An exact copy of the listing is needed, with every line kept.

■ STORED DATA ■

::::::

lemma pinv_assigns:
  assumes f: "f \<in> assigns N p"
  obtains f' where "f' \<in> assigns N (pinv p)" "Tu N (pinv p) f' = Tl N p f" "Tl N (pinv p) f' = Tu N p f"
proof
  define f' where "f' B = (if B \<in> tblocks (pinv p) then f (flip_pt ` B) else undefined)" for B
  show "f' \<in> assigns N (pinv p)"
    using f unfolding assigns_def f'_def by (auto simp: tblocks_pinv)
  have through: "(\<forall>B\<in>tblocks (pinv p). \<forall>i<length t. C i \<in> B \<longrightarrow> t ! i = f' B) \<longleftrightarrow>
      (\<forall>B\<in>tblocks p. \<forall>i<length t. flip_pt (C i) \<in> B \<longrightarrow> t ! i = f B)" for t C
  proof
    assume H: "\<forall>B\<in>tblocks (pinv p). \<forall>i<length t. C i \<in> B \<longrightarrow> t ! i = f' B"
    show "\<forall>B\<in>tblocks p. \<forall>i<length t. flip_pt (C i) \<in> B \<longrightarrow> t ! i = f B"
    proof (intro ballI allI impI)
      fix B i assume "B \<in> tblocks p" "i < length t" "flip_pt (C i) \<in> B"
      moreover from this have "flip_pt ` B \<in> tblocks (pinv p)" "C i \<in> flip_pt ` B"
        by (simp_all add: tblocks_pinv mem_flip_pt_image)
      ultimately show "t ! i = f B" using H by (auto simp: f'_def)
    qed
  qed (auto simp: f'_def tblocks_pinv mem_flip_pt_image[symmetric])
  show "Tu N (pinv p) f' = Tl N p f" "Tl N (pinv p) f' = Tu N p f"
    unfolding Tu_def Tl_def valid_up_def valid_lo_def sameblk_pinv
    using through[of _ U] through[of _ L] by auto
qed

lemma pinv_assigns':
  assumes "f' \<in> assigns N (pinv p)"
  obtains f where "f \<in> assigns N p" "Tu N (pinv p) f' = Tl N p f" "Tl N (pinv p) f' = Tu N p f"
  using pinv_assigns[OF assms, unfolded pinv_pinv] by (metis that)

::::::

■ EXERCISE ANSWER ■
lemma pinv_assigns:
  assumes f: "f \<in> assigns N p"
  obtains f' where "f' \<in> assigns N (pinv p)" "Tu N (pinv p) f' = Tl N p f" "Tl N (pinv p) f' = Tu N p f"
proof
  define f' where "f' B = (if B \<in> tblocks (pinv p) then f (flip_pt ` B) else undefined)" for B
  show "f' \<in> assigns N (pinv p)"
    using f unfolding assigns_def f'_def by (auto simp: tblocks_pinv)
  have through: "(\<forall>B\<in>tblocks (pinv p). \<forall>i<length t. C i \<in> B \<longrightarrow> t ! i = f' B) \<longleftrightarrow>
      (\<forall>B\<in>tblocks p. \<forall>i<length t. flip_pt (C i) \<in> B \<longrightarrow> t ! i = f B)" for t C
  proof
    assume H: "\<forall>B\<in>tblocks (pinv p). \<forall>i<length t. C i \<in> B \<longrightarrow> t ! i = f' B"
    show "\<forall>B\<in>tblocks p. \<forall>i<length t. flip_pt (C i) \<in> B \<longrightarrow> t ! i = f B"
    proof (intro ballI allI impI)
      fix B i assume "B \<in> tblocks p" "i < length t" "flip_pt (C i) \<in> B"
      moreover from this have "flip_pt ` B \<in> tblocks (pinv p)" "C i \<in> flip_pt ` B"
        by (simp_all add: tblocks_pinv mem_flip_pt_image)
      ultimately show "t ! i = f B" using H by (auto simp: f'_def)
    qed
  qed (auto simp: f'_def tblocks_pinv mem_flip_pt_image[symmetric])
  show "Tu N (pinv p) f' = Tl N p f" "Tl N (pinv p) f' = Tu N p f"
    unfolding Tu_def Tl_def valid_up_def valid_lo_def sameblk_pinv
    using through[of _ U] through[of _ L] by auto
qed

lemma pinv_assigns':
  assumes "f' \<in> assigns N (pinv p)"
  obtains f where "f \<in> assigns N p" "Tu N (pinv p) f' = Tl N p f" "Tl N (pinv p) f' = Tu N p f"
  using pinv_assigns[OF assms, unfolded pinv_pinv] by (metis that)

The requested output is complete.